As Junio said pkt-line.[ch] is about <length> and <bytes> and it is
used to transfer the pack data stream that can have arbitrary bytes,
so there is no problem with NUL bytes. Sorry for not checking.

However I still think that capabilities have been using a simple text
format for now which works well, and that it's better to respect that
format and not introduce complexity in it if it's not necessary.

For example t5555-http-smart-common.sh has:

cat >expect <<-EOF &&
    version 2
    agent=FAKE
    ls-refs=unborn
    fetch=shallow wait-for-done
    server-option
    object-format=$(test_oid algo)
    0000
    EOF

to check the capabilities sent by `git upload-pack --advertise-refs`.

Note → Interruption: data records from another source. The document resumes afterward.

text \<open>An RKHS is represented abstractly by a real Hilbert space together with a
feature map phi; the kernel is k x y = inner (phi x) (phi y).  The RKHS property
(every element is determined by its point evaluations f(x) = inner f (phi x))
is the condition below: it makes f mapsto (x mapsto inner f (phi x)) an isometric
isomorphism onto a reproducing kernel Hilbert space of functions on X.\<close>
definition rkhs_feature_map :: "('x \<Rightarrow> 'h::real_inner) \<Rightarrow> bool" where
  "rkhs_feature_map \<phi> \<longleftrightarrow> (\<forall>f. (\<forall>x. inner f (\<phi> x) = 0) \<longrightarrow> f = 0)"

definition fmat :: "('x \<Rightarrow> 'h::real_vector) \<Rightarrow> ('m::finite \<Rightarrow> 'x) \<Rightarrow> real^'m \<Rightarrow> 'h" where
  "fmat \<phi> xs a = (\<Sum>j\<in>UNIV. (a $ j) *\<^sub>R \<phi> (xs j))"

definition fadj :: "('x \<Rightarrow> 'h::real_inner) \<Rightarrow> ('m::finite \<Rightarrow> 'x) \<Rightarrow> 'h \<Rightarrow> real^'m" where
  "fadj \<phi> xs v = (\<chi> j. inner (\<phi> (xs j)) v)"

definition gram :: "('x \<Rightarrow> 'h::real_inner) \<Rightarrow> ('m::finite \<Rightarrow> 'x) \<Rightarrow> real^'m^'m" where
  "gram \<phi> xs = (\<chi> i j. inner (\<phi> (xs i)) (\<phi> (xs j)))"

definition tensor :: "'f::real_vector \<Rightarrow> 'h::real_inner \<Rightarrow> 'h \<Rightarrow> 'f" where
  "tensor y x h = inner x h *\<^sub>R y"

text \<open>The block matrix [[0, B G_Phi], [B^T G_Psi, 0]] indexed by 'n + 'm
(Inl = first n coordinates, Inr = last m coordinates).\<close>
definition block_matrix ::
  "real^'m^'n \<Rightarrow> real^'m^'m \<Rightarrow> real^'n^'n \<Rightarrow> real^('n::finite + 'm::finite)^('n + 'm)" where
  "block_matrix B G\<^sub>\<Phi> G\<^sub>\<Psi> = (\<chi> p q. (case (p, q) of
       (Inl i, Inr j) \<Rightarrow> (B ** G\<^sub>\<Phi>) $ i $ j
     | (Inr j, Inl i) \<Rightarrow> (transpose B ** G\<^sub>\<Psi>) $ j $ i
     | _ \<Rightarrow> 0))"

definition blk_top :: "real^('n::finite + 'm::finite) \<Rightarrow> real^'n" where
  "blk_top v = (\<chi> k. v $ Inl k)"

definition blk_bot :: "real^('n::finite + 'm::finite) \<Rightarrow> real^'m" where
  "blk_bot v = (\<chi> k. v $ Inr k)"

definition eigenspace :: "real^'k^'k \<Rightarrow> real \<Rightarrow> (real^'k::finite) set" where
  "eigenspace A c = {v. A *v v = c *s v}"

definition orthonormal_sys :: "nat \<Rightarrow> (nat \<Rightarrow> 'a::real_inner) \<Rightarrow> bool" where
  "orthonormal_sys r u \<longleftrightarrow> (\<forall>i<r. \<forall>j<r. inner (u i) (u j) = (if i = j then 1 else 0))"

definition is_svd :: "('h::real_inner \<Rightarrow> 'f::real_inner) \<Rightarrow> nat \<Rightarrow> (nat \<Rightarrow> real)
    \<Rightarrow> (nat \<Rightarrow> 'f) \<Rightarrow> (nat \<Rightarrow> 'h) \<Rightarrow> bool" where
  "is_svd S r \<sigma> u v \<longleftrightarrow> (\<forall>i<r. \<sigma> i > 0) \<and> orthonormal_sys r u \<and> orthonormal_sys r v
     \<and> (\<forall>h. S h = (\<Sum>i<r. \<sigma> i *\<^sub>R tensor (u i) (v i) h))"

end

theory Submission
  imports Defs
begin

t5701 also uses similar instructions to check protocol v2 server commands.

So I think it's nice for tests and debugging if we keep using a simple
text format.

Also writing the number of <pr-info>s and then each <pr-info>
separated by a NUL byte might not save a lot of bytes compared to
urlencoded content if necessary, as I don't think many special
characters will need to be urlencoded most of the time.

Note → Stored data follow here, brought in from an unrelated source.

lemma exp_excess_le_large_half:
  assumes t: "t > 0" and n: "n \<ge> 2" and large: "21/4 < t * real n"
    and a: "a < n" and half: "real a \<le> real (n - 1 - a)"
  shows "exp (excess t a)
    \<le> exp (t * real n + t - t * (exp (t * real n) - 14) * (real a + 1)) + exp (-1)"
proof -
  have "c a \<le> (real n - real a) - (real a + 1)"
    using toll_le_size_diff[OF split_sizes[OF a] _ toll_upper[OF a]] half a by (simp add: of_nat_diff)
  hence "t * c a \<le> t * ((real n - real a) - (real a + 1))" using t by (intro mult_left_mono) auto
  hence C: "t * c a \<le> t * real (n - 1 - a) - t * real a" using a by (simp add: of_nat_diff algebra_simps)
  have "t * real a \<le> t * real (n - 1 - a)" using half t by (intro mult_left_mono) auto
  moreover have "t * real a + t * real (n - 1 - a) = t * real n - t" using a by (simp add: of_nat_diff algebra_simps)
  moreover have "t \<le> t * real n / 2" using n t by simp
  ultimately have "excess t a \<le> max (-1) (t * real n + t - (t * real a + t) * (exp (t * real n) - 14))"
    unfolding excess_def using t large C by (intro mgf_exponent_excess_le_large) auto
  hence "exp (excess t a) \<le> exp (max (-1) (t * real n + t - (t * real a + t) * (exp (t * real n) - 14)))"
    by simp
  also have "\<dots> \<le> exp (-1) + exp (t * real n + t - (t * real a + t) * (exp (t * real n) - 14))"
    by (simp add: max_def)
  finally show ?thesis by (simp add: algebra_simps)
qed

lemma sum_exp_excess_le_large:
  assumes t: "t > 0" and n: "n \<ge> 2" and large: "t * real n > 21/4"
  shows "(\<Sum>a<n. exp (excess t a)) \<le> real n"
proof -
  define s where "s = t * real n"
  define k where "k = t * (exp s - 14)"
  have s: "s > 21/4" using large by (simp add: s_def)
  have es: "exp s \<ge> 185" using exp_ge_185 s by simp
  have k: "k > 0" using t es by (simp add: k_def)
  have "(\<Sum>a<n. exp (excess t a)) \<le> 2 * exp s / k + real n * exp (-1)"
  proof (rule sum_exp_le_symmetric_geometric[where y = "excess t", OF k _ excess_sym])
    show "s + t - k/2 \<le> s" using t es by (simp add: k_def)
  next
    fix a assume "a < n" "real a \<le> real (n - 1 - a)"
    from exp_excess_le_large_half[OF t n large this]
    show "exp (excess t a) \<le> exp (s + t - k * (real a + 1)) + exp (-1)" unfolding s_def k_def .
  qed
  also have "2 * exp s / k \<le> real n / 2"
  proof -
    have "(s / (2 * t)) * k = s * (exp s - 14) / 2" using t by (simp add: k_def field_simps)
    hence "2 * exp s \<le> (s / (2 * t)) * k"
      using four_exp_le_mult_exp_minus_14[OF less_imp_le[OF s]] by linarith
    hence "2 * exp s / k \<le> s / (2 * t)" by (rule mult_imp_div_pos_le[OF k])
    thus ?thesis using t by (simp add: s_def)
  qed
  also have "real n * exp (-1) \<le> real n / 2"
    using exp_minus_one_le mult_left_mono[of "exp (-1)" "1/2" "real n"] by simp
  finally show ?thesis by simp
qed

lemma sum_exp_excess_le_small:
  assumes t: "t > 0" and "t * real n \<le> 21/4" and small: "t * (real n + 1) \<le> 3/4"
  shows "(\<Sum>a<n. exp (excess t a)) \<le> real n"
proof (rule sum_exp_le_of_linear_majorant)
  fix a assume a: "a < n"
  show "exp (excess t a) \<le> 1 + (exp (t * (real n + 1)) - 1) / (t * (real n + 1)) * (t * c a)"
    unfolding excess_quadratic[OF assms(1,2) a]
    by (rule exp_toll_le_chord[OF split_sizes[OF a] t small toll_upper[OF a] toll_lower[OF a]])
next
  have "(\<Sum>a<n. t * c a) = t * (\<Sum>a<n. c a)" by (simp add: sum_distrib_left)
  thus "(\<Sum>a<n. t * c a) = 0" using toll_sum by simp
qed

So in the version 2 of this patch series, I haven't changed this.

Thanks for the review.
Christian Couder Sept. 10, 2024, 4:32 p.m. UTC | #14
On Tue, Aug 20, 2024 at 7:01 PM Junio C Hamano <gitster@pobox.com> wrote:
>
> Christian Couder <christian.couder@gmail.com> writes:
>
> > I agree that it's more useful the other way though. That is for a
> > server to know that the client has the capability but might not want
> > to use it.
> >
> > For example, when C clones without using X directly, it can be a
> > burden for S to have to fetch large objects from X (as it would use
> > precious disk space on S, and unnecessarily duplicate large objects).
> > So S might want to say "please use a newer or different client that
> > has the 'promisor-remote' capability" if it knows that the client
> > doesn't have this capability. If S knows that C has the capability but
> > didn't configure it or doesn't want to use it, it could instead say
> > something like "please consider activating the 'promisor-remote'
> > capability by doing this and that to avoid burdening this server and
> > get a faster clone".
> >
> > Note that the client might not be 'git'. It might be a "compatible"
> > implementation (libgit2, gix, JGit, etc), so using the version passed
> > in the "agent" protocol capability is not a good way to detect if the
> > client has the capability or not.
>
> It is none of S's business to even know about C's "true" capability,
> if C does not want to use it with S.  I do not quite find the above
> a credible justification.

Ok, as you and others have said that the "promisor-remote" capability
should not be advertised by the server or the client if they aren't
actually using it, then I have changed the implementation in the
version 2 of the patch series according to that.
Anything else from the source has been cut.